Fifth-Most Wanted Nazi Criminal Dies a Free Man

Soren Kam, who was the fifth-most wanted war criminal on the Simon Wiesenthal Center list, dies at 93.

Ben Ariel,

Swastika (illustration)
Swastika (illustration)
Thinkstock

One of the most-wanted Nazis in the world, Soren Kam, has died at the age of 93 without having been punished for a murder conviction, The Independent reported on Thursday, citing German media.

Kam, a Danish former volunteer officer died on March 23, just a little more than a fortnight after his wife passed away, according to the German newspaper Allgauer Zeitung.

He was the fifth-most wanted war criminal by Jewish rights organization Simon Wiesenthal Center, which seeks to bring former Nazis to justice and educate about the Holocaust.

Kam had been a volunteer officer in the Schalburg Corps, a SS-Viking division, and was one of three men who killed Danish anti-Nazi newspaper editor Carl Henrik Clemmensen in 1943.

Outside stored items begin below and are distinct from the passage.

lemma weighted_pattern_sum_bounds:
  assumes "S \<subseteq> patterns n m" and "\<And>Ps. Ps \<in> S \<Longrightarrow> 0 \<le> w Ps \<and> w Ps \<le> 1"
  shows "\<bar>\<Sum>Ps\<in>S. pat_prob q m Ps * w Ps\<bar> \<le> 1"
proof -
  have "0 \<le> (\<Sum>Ps\<in>S. pat_prob q m Ps * w Ps)"
    by (intro sum_nonneg mult_nonneg_nonneg) (use assms in \<open>auto intro: pat_prob_nonneg\<close>)
  moreover have "(\<Sum>Ps\<in>S. pat_prob q m Ps * w Ps) \<le> (\<Sum>Ps\<in>S. pat_prob q m Ps)"
    using assms by (auto intro!: sum_mono mult_left_le pat_prob_nonneg)
  moreover have "(\<Sum>Ps\<in>S. pat_prob q m Ps) \<le> (\<Sum>Ps\<in>patterns n m. pat_prob q m Ps)"
    using assms(1) by (intro sum_mono2 finite_patterns) (auto intro: pat_prob_nonneg)
  ultimately show ?thesis
    by (simp add: sum_pat_prob)
qed

lemma integrable_weighted_pattern_sum:
  assumes "\<And>u. S u \<subseteq> patterns n m"
    and "\<And>u Ps. u \<in> set_pmf mu \<Longrightarrow> Ps \<in> S u \<Longrightarrow> 0 \<le> w u Ps \<and> w u Ps \<le> 1"
  shows "integrable (measure_pmf mu) (\<lambda>u. \<Sum>Ps\<in>S u. pat_prob q m Ps * w u Ps)"
  by (rule measure_pmf.integrable_const_bound[where B = 1])
    (use assms in \<open>auto simp: AE_measure_pmf_iff intro!: weighted_pattern_sum_bounds\<close>)

lemma integrable_pattern_sum:
  assumes "\<And>u. S u \<subseteq> patterns n m"
  shows "integrable (measure_pmf mu) (\<lambda>u. \<Sum>Ps\<in>S u. pat_prob q m Ps)"
  using integrable_weighted_pattern_sum[of S mu "\<lambda>_ _. 1"] assms by simp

A Danish court convicted him in absentia of the murder after the war. Another man was executed for the same crime.

Kam had fled to Germany where he obtained citizenship in 1956 and his new home country had refused to extradite him to Denmark several times, according to Danish media cited by The Independent.

“The fact that Soren Kam, a totally unrepentant Nazi murderer, died a free man in Germany, is a terrible failure of the Bavarian judicial authorities,” Dr. Efraim Zuroff, from the Simon Wiesenthal Center, said in a statement.

“Kam should have finished his miserable life in jail, whether in Denmark or Germany. The failure to hold him accountable will only inspire the contemporary heirs of the Nazis to consider following in his footsteps,” he added.

In recent years, Germany has begun a crackdown on Nazi war criminals. The crackdown began following the 2011 Munich trial of John Demjanjuk, a Nazi war criminal charged of assisting in the murder of 28,060 people at the Sobibor death camp and sentenced to five years. The former Nazi died in 2012.

In February it was announced that a 93-year-old former Auschwitz death camp officer will go on trial in Germany this month on charges of at least 300,000 counts of accessory to murder.

Several weeks later, a 93-year-old man, who was not identified, was charged in a German court with 170,000 counts of accessory to murder on allegations he served as an SS guard at the Auschwitz death camp.